A interrogação surge-me a torto e a direito sempre que vislumbro ou vejo cozinheiro e também cozinheira envergando trajes pretos. O cozinheiro irrompe vindo da cozinha com um arremedo de toque na cabeça qual pirata das Caraíbas na época dos felibusteiros, corroborada por o jaleco também ser negro, não faltando adereços de pedantismo só faltando as tíbias e a caveira para compor o ramalhete.
Esta atracção pela cor preta não entronca em motivações estéticas ou psicanalíticas, entendo-a na perspectiva de ocultação de nódoas de modo a poupança de gastos em sabão e água na lavagem das vestimentas enodoadas. O sábio cozinheiro Scappi (século XVI) escreveu sobre o traje do pessoal a trabalhar nas cozinhas, os seus deveres no tocante a higiene pessoal, os mesmo fizeram outros eminentes preparadores de comida desde a Antiguidade Clássica. Se o leitor puder tempo e tiver ao seu alcance um dicionário de cozinha ficará a saber as causas de a cor branca (limpeza e pureza) lograr a plena aceitação de reputados cozinheiros de todo o Mundo (Carême, Escofier, dois nomes eternos nesta matéria) preferirem o branco até à invasão do negro cor das fardas dos famigerados kamikazes. O leitor desconfie de dicionários ilustrados no título, completamente omissos na inserção de imagens a exemplificarem técnicas de execução, para lá de produtos e personalidades representativas das artes culinárias e afins.

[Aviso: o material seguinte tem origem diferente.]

(* Let $N\ge1$, $m>1$, $\alpha,\beta\in\mathbb R$ with $N+\alpha-m>0$ and $\beta-\alpha+1>0$; let $s_0\ge0$, $\lambda>0$ and $\wp>0$. Let $u\in C^1(s_0,\infty)$ be a nonnegative solution of $$-(r^{N+\alpha-1}|u'(r)|^{m-2}u'(r))'=\lambda r^{N+\beta-1}u^{\wp}(r),\ r\in(s_0,\infty),\qquad u(s_0)=1,\quad u'(s_0)\le0.$$ Let $\varrho=\frac{N+\alpha-m}{m-1}$. Then the function $U_\varrho(r):=ru'(r)+\varrho u(r)$ is nonnegative and nonincreasing on $(s_0,\infty)$. In particular, $r^\varrho u(r)$ is nondecreasing on $(s_0,\infty)$. *)

theory Defs
  imports "HOL-Analysis.Analysis"
begin

end

theory Submission
  imports Defs
begin

text \<open>
  By the equation, the flux \<open>F(r) = r^(N+\<alpha>-1) |u'|^(m-2) u'\<close> is nonincreasing.
  Hence \<open>u' \<le> 0\<close>: if \<open>u'(r) > 0\<close>, then \<open>u' \<ge> u'(r)\<close> on \<open>(s0, r]\<close>, contradicting
  \<open>u'(s0) \<le> 0\<close>. And \<open>u'(r) = 0\<close> is impossible, since then \<open>F\<close> vanishes on \<open>(s0, r]\<close>,
  so \<open>u = u(s0) = 1\<close> there and \<open>F' < 0\<close>. Now \<open>u' < 0\<close> gives
  \<open>r u' = - r^(-\<rho>) (-F)^(1/(m-1))\<close>, so \<open>U = \<rho> u - r^(-\<rho>) (-F)^(1/(m-1))\<close>;
  differentiating this form, the terms containing \<open>u'\<close> cancel and only a nonnegative
  multiple of \<open>F' \<le> 0\<close> remains. Finally \<open>(r^\<rho> u)' = r^(\<rho>-1) U\<close>: if \<open>U(r0) = -c < 0\<close>,
  then \<open>U \<le> -c\<close> beyond \<open>r0\<close> and \<open>r^\<rho> u(r) \<le> r0^\<rho> u(r0) - c (r^\<rho> - r0^\<rho>) / \<rho>\<close>
  becomes negative. Hence \<open>U \<ge> 0\<close> and \<open>r^\<rho> u\<close> is nondecreasing.
\<close>

lemma abs_powr_mult_self_pos:
  fixes x m :: real
  assumes "x > 0"
  shows "\<bar>x\<bar> powr (m - 2) * x = x powr (m - 1)"
proof -
  have "x powr (m - 1) = x powr ((m - 2) + 1)"
    by simp
  also have "\<dots> = x powr (m - 2) * x powr 1"
    by (rule powr_add)
  finally show ?thesis
    using assms by simp
qed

Eu não sei se por efeitos de mimetismo o uso das vestes dos piratas aliado o lucro de tempo e dinheiro no encobrimento dos pingos, côdeas e outras anomalias capazes de obrigarem os clientes a evidenciarem repulsa pelo visto irá persistir muito mais tempo, no entanto, haja o que houver, aconteça o que acontecer, a minha aversão à fantasia pictórica na indumentária dos cozinheiros fica lavrada, mais uma vez, não porque esteja influenciado pela mensagem do detergente OMO, sim porque unhas de luto, passagem das mãos pelo cabelo, cabelos casposos a depositarem excrescências no ombros, retiradas ostensivas de macacos nos narizes sem a subsequente lacagem das mãos, pura e simplesmente, não devem existir, o mesmo se aplica aos panos de cozinha, panos sim, rodilhos não.
Pode-se objectar contra este texto brandindo os normativos regulamentares sobre esta matéria, a educação higiénica dos profissionais da cozinha na restauração e hotelaria, a multiplicidade de produtos destinados a reforçarem e a tornarem reluzentes as cozinhas e espaços correlativos, tudo isso é verdade, porém, não indo mais longe do século XX, lembro o iconoclasta livro Cozinha Confidencial do malogrado cozinheiro e embaixador culinário Anthony Bourdain. Grande apreciador dos comeres portugueses Bourdain foi vítima do seu próprio êxito e prazer imitando Manuel Vasquez Montálban, e Santi Santamaria.
Espero o regresso de cozinheiros envergando roupa alva e de boa qualidade. Toque a condizer.